Once a player breaks through as a professional, is it credible to assume that all the aggression flaunted on Sundays can be bottled by Monday?

Not all of it, and not from everyone. The recent NFL controversies about players’ conduct exhibit the violent mentality leaving the football field.

If the game in any way contributes to incidents of domestic violence by players, does not the NFL have a responsibility to take action?

Evidenced by the leniency shown to offenders in the past, the league says no.

Within a fortnight in 2001, Arizona Cardinal running back Michael Pittman was twice arrested for domestic violence. He was suspended one game. Three years later Pittman pleaded guilty to a felony charge of endangerment after purportedly ramming his SUV into a car carrying his wife, 2-year-old son and the family babysitter. The NFL gave him a three game suspension.

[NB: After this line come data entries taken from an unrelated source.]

lemma op_closure_of_continuous_extension:
  fixes S :: "'a::real_normed_vector op"
  assumes "densely_defined S" and "continuous_on UNIV g"
    and "\<And>x. x \<in> op_dom S \<Longrightarrow> app S x = g x"
  shows "op_dom (op_closure S) = UNIV" and "app (op_closure S) = g"
proof -
  have "closure (graph S) = {p. snd p = g (fst p)}"
  proof
    have "closed {p::'a \<times> 'a. snd p = g (fst p)}"
      by (intro closed_Collect_eq continuous_intros continuous_on_compose2[OF assms(2)]) auto
    moreover have "graph S \<subseteq> {p. snd p = g (fst p)}"
      using assms(3) by (auto simp: graph_def)
    ultimately show "closure (graph S) \<subseteq> {p. snd p = g (fst p)}"
      by (rule closure_minimal[rotated])
  next
    show "{p. snd p = g (fst p)} \<subseteq> closure (graph S)"
    proof
      fix p :: "'a \<times> 'a" assume "p \<in> {p. snd p = g (fst p)}"
      then have p: "p = (fst p, g (fst p))"
        by (simp add: prod_eq_iff)
      have "fst p \<in> closure (op_dom S)"
        using assms(1) by (simp add: densely_defined_def)
      then obtain xs where xs: "\<And>k. xs k \<in> op_dom S" "xs \<longlonglongrightarrow> fst p"
        by (auto simp: closure_sequential)
      have "(\<lambda>k. (xs k, g (xs k))) \<longlonglongrightarrow> (fst p, g (fst p))"
        using xs(2) assms(2) by (intro tendsto_intros) (auto simp: continuous_on_def intro: tendsto_compose)
      moreover have "(xs k, g (xs k)) \<in> graph S" for k
        using xs(1)[of k] assms(3)[of "xs k"] by (auto simp: graph_def)
      ultimately show "p \<in> closure (graph S)"
        using p by (metis (no_types, lifting) closure_sequential)
    qed
  qed
  then show "op_dom (op_closure S) = UNIV" and "app (op_closure S) = g"
    by (auto simp: op_closure_def)
qed

lemma op_closure_lipschitz:
  fixes S :: "'a::{real_normed_vector, complete_space} op"
  assumes "densely_defined S" and "K-lipschitz_on (op_dom S) (app S)"
  shows "op_dom (op_closure S) = UNIV" and "K-lipschitz_on UNIV (app (op_closure S))"
    and "\<And>x. x \<in> op_dom S \<Longrightarrow> app (op_closure S) x = app S x"
proof -
  obtain g where "K-lipschitz_on UNIV g" and g: "\<And>x. x \<in> op_dom S \<Longrightarrow> g x = app S x"
    using lipschitz_extend_closure[OF assms(2)] assms(1) by (auto simp: densely_defined_def)
  moreover have "continuous_on UNIV g"
    using \<open>K-lipschitz_on UNIV g\<close> by (rule lipschitz_on_continuous_on)
  ultimately show "op_dom (op_closure S) = UNIV" and "K-lipschitz_on UNIV (app (op_closure S))"
    and "\<And>x. x \<in> op_dom S \<Longrightarrow> app (op_closure S) x = app S x"
    using op_closure_of_continuous_extension[OF assms(1), of g] by auto
qed

section \<open>Skew-adjoint pairs of operators\<close>

lemma skew_adjoint_additive_scaleC:
  fixes f g :: "'a::complex_inner \<Rightarrow> 'a"
  assumes skew: "\<And>x y. cinner (f x) y = - cinner x (g y)"
  shows "f (x + x') = f x + f x'" and "f (scaleC c x) = scaleC c (f x)"
  by (rule eq_if_cinner_left_eq; simp add: skew cinner_add_left cinner_scaleC_left cinner_add_right
      cinner_scaleC_right)+
lemma golfP_config_event:
  assumes "m \<ge> 1" "0 \<le> p" "p \<le> 1" "Nb < Nh"
  shows "golfP m Nb Nh p (\<lambda>B H Y. C B H) =
    real (card {c \<in> golf_configs m Nb Nh. C (fst c) (snd c)}) / real (card (golf_configs m Nb Nh))"
proof -
  have "(\<Sum>Y\<in>Pow H. if C B H then final_holes_prob m p H B Y else 0) = (if C B H then 1 else 0)"
    if "(B, H) \<in> golf_configs m Nb Nh" for B H
    using that sum_final_holes_prob[OF assms(1-3), of H H B] assms(4)
    by (auto simp: golf_configs_def intro: finite_subset)
  then show ?thesis
    unfolding golfP_final_holes_prob
    by (simp add: sum.inter_filter[OF finite_golf_configs, symmetric] split_def cong: sum.cong)
qed

lemma golfCP_final_holes_prob:
  assumes "m \<ge> 1" "0 \<le> p" "p \<le> 1" "Nb < Nh" "\<And>B H. C B H \<Longrightarrow> X \<subseteq> H"
  shows "golfCP m Nb Nh p (\<lambda>B H Y. Y = X) (\<lambda>B H Y. C B H) =
    (\<Sum>c\<in>{c \<in> golf_configs m Nb Nh. C (fst c) (snd c)}. final_holes_prob m p (snd c) (fst c) X)
    / real (card {c \<in> golf_configs m Nb Nh. C (fst c) (snd c)})"
proof -
  have "golfCP m Nb Nh p (\<lambda>B H Y. Y = X) (\<lambda>B H Y. C B H) =
      golfP m Nb Nh p (\<lambda>B H Y. Y = X \<and> C B H) / golfP m Nb Nh p (\<lambda>B H Y. C B H)"
    by (simp add: golfCP_def)
  then show ?thesis
    using golfP_config_event[OF assms(1-4), of C] golfP_final_holes_conj[where C=C and X=X and m=m and Nb=Nb and Nh=Nh and p=p, OF assms(5)]
      finite_golf_configs[of m Nb Nh]
    by (cases "golf_configs m Nb Nh = {}") simp_all
qed

section \<open>Rotation invariance and the single-gap case\<close>

definition shift :: "nat \<Rightarrow> nat \<Rightarrow> nat \<Rightarrow> nat" where
  "shift m x y = (y + x) mod m"

lemma shift_lt: "m \<ge> 1 \<Longrightarrow> shift m x y < m"
  by (simp add: shift_def)

lemma inj_on_shift: "inj_on (shift m x) {..<m}"
proof (rule inj_onI)
  fix a b assume a: "a \<in> {..<m}" and b: "b \<in> {..<m}" and "shift m x a = shift m x b"
  then have "int ((a + x) mod m) = int ((b + x) mod m)"
    by (simp add: shift_def)
  then have "(int a + int x) mod int m = (int b + int x) mod int m"
    by (simp add: zmod_int)
  then have "int a mod int m = int b mod int m"
    by (metis add_diff_cancel_right' mod_diff_left_eq)
  then show "a = b"
    using a b by simp
qed

lemma golf_step_shift:
  assumes "m \<ge> 1"
  shows "golf_step m (shift m x y) d = shift m x (golf_step m y d)"
proof (cases d)
  case True
  have "((y + x) mod m + 1) mod m = (y + x + 1) mod m" "((y + 1) mod m + x) mod m = (y + 1 + x) mod m"
    by (rule mod_add_left_eq)+
  then show ?thesis
    using True by (simp add: golf_step_def shift_def add_ac)
next
  case False
  have "((y + x) mod m + (m - 1)) mod m = (y + x + (m - 1)) mod m"
    "((y + (m - 1)) mod m + x) mod m = (y + (m - 1) + x) mod m"
    by (rule mod_add_left_eq)+
  moreover have "(y + x) mod m + m - 1 = (y + x) mod m + (m - 1)" "y + m - 1 = y + (m - 1)"
    using assms by auto
  ultimately show ?thesis
    using False by (simp add: golf_step_def shift_def add_ac)
qed

lemma walk_pos_shift: "m \<ge> 1 \<Longrightarrow> walk_pos m (shift m x y) w = shift m x (walk_pos m y w)"
  by (induction w arbitrary: y) (auto simp: golf_step_shift)
lemma open_right_resolvent:
  assumes T: "bop scal ip T"
  shows "open (- right_spectrum scal ip T)"
  unfolding open_contains_ball
proof
  fix l
  assume "l \<in> - right_spectrum scal ip T"
  then obtain R where R: "bop scal ip R" "\<And>y. shift_op scal T l (R y) = y"
    unfolding right_spectrum_def right_invertible_def by (auto simp: fun_eq_iff)
  obtain KR where KR: "KR > 0" "\<And>y. nrm (R y) \<le> KR * nrm y"
    using bop_bound[OF R(1)] by blast
  have "right_invertible scal ip (shift_op scal T l')" if "l' \<in> ball l (1 / KR)" for l'
  proof (rule right_invertible_near_right_invertible[OF bop_shift_op[OF T] R KR(2) bop_shift_op[OF T]])
    show "nrm (shift_op scal T l' x - shift_op scal T l x) \<le> cmod (l - l') * nrm x" for x
      by (simp add: nrm_shift_op_diff)
    show "cmod (l - l') * KR < 1"
      using that KR(1) by (simp add: dist_norm field_simps)
  qed (use KR(1) in simp_all)
  then have "ball l (1 / KR) \<subseteq> - right_spectrum scal ip T"
    unfolding right_spectrum_def by blast
  then show "\<exists>e>0. ball l e \<subseteq> - right_spectrum scal ip T"
    using KR(1) by (intro exI[of _ "1 / KR"]) simp
qed

lemma closed_right_spectrum: "bop scal ip T \<Longrightarrow> closed (right_spectrum scal ip T)"
  using open_right_resolvent by (simp add: closed_def)

lemma right_invertible_surj: "right_invertible scal ip A \<Longrightarrow> surj A"
  unfolding right_invertible_def by (metis comp_apply id_apply surjI)

lemma open_right_spectrum_inter:
  assumes T: "bop scal ip T" and U: "open U"
    and li: "\<And>l. l \<in> U \<Longrightarrow> left_invertible scal ip (shift_op scal T l)"
  shows "open (U \<inter> right_spectrum scal ip T)"
  unfolding open_contains_ball
proof
  fix l
  assume l: "l \<in> U \<inter> right_spectrum scal ip T"
  obtain r where r: "r > 0" "ball l r \<subseteq> U"
    using U l open_contains_ball by blast
  obtain G where G: "bop scal ip G" "\<And>x. G (shift_op scal T l x) = x"
    using li[of l] l unfolding left_invertible_def by (auto simp: fun_eq_iff)
  obtain KG where KG: "KG > 0" "\<And>y. nrm (G y) \<le> KG * nrm y"
    using bop_bound[OF G(1)] by blast
  have "\<not> surj (shift_op scal T l)"
  proof
    assume "surj (shift_op scal T l)"
    then have "shift_op scal T l (G y) = y" for y
      using G(2) by (metis surjD)
    then have "right_invertible scal ip (shift_op scal T l)"
      unfolding right_invertible_def using G(1) by (intro exI[of _ G]) (simp add: fun_eq_iff)
    then show False
      using l unfolding right_spectrum_def by simp
  qed
  then obtain z where z: "\<And>x. shift_op scal T l x \<noteq> z"
    unfolding surj_def by metis
  have "\<not> surj (shift_op scal T l')" if "l' \<in> ball l (1 / (4 * KG))" for l'
  proof (rule not_surj_near_left_invertible[OF bop_shift_op[OF T] G KG z])
    show "nrm (shift_op scal T l' x - shift_op scal T l x) \<le> cmod (l - l') * nrm x" for x
      by (simp add: nrm_shift_op_diff)
    show "cmod (l - l') * KG \<le> 1/4"
      using that KG(1) by (simp add: dist_norm field_simps)
  qed simp
  then have "ball l (min r (1 / (4 * KG))) \<subseteq> U \<inter> right_spectrum scal ip T"
    using r(2) right_invertible_surj unfolding right_spectrum_def by fastforce
  then show "\<exists>e>0. ball l e \<subseteq> U \<inter> right_spectrum scal ip T"
    using r(1) KG(1) by (intro exI[of _ "min r (1 / (4 * KG))"]) simp
qed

In 2007, Tampa Bay Buccaneers running back Lionel Gates reportedly punched a pregnant women. Similar to Ray Rice, he avoided conviction by enrolling in a pretrial diversion program. He received no league punishment. There was no league sanction.

In 2013 Indianapolis Colts linebacker Erik Walden received a one game suspension for head-butting Tennessee Titans tight end Delanie Walker. The year prior, he pleaded no contest to a misdemeanor charge of disorderly conduct-domestic.  The league did not suspend him.

The league says that it has always taken domestic violence seriously, but it took outrage from Ray Rice’s initial suspension before the league updated their domestic violence policy to include an automatic six game suspension.

If the league office viewed domestic violence as seriously as it said it does and did, the NFL would have gone after it pro-actively like it went after concussions.  The NFL would have branded it as a similar existential threat to the league. It would have punished it with the severity that has made relics out of bounties and head-hunting.

Instead, what the NFL did was nothing.

The problem with the NFL is that it always could have done something. It always should have done something. But at the end of the day, it can only be forced to do something.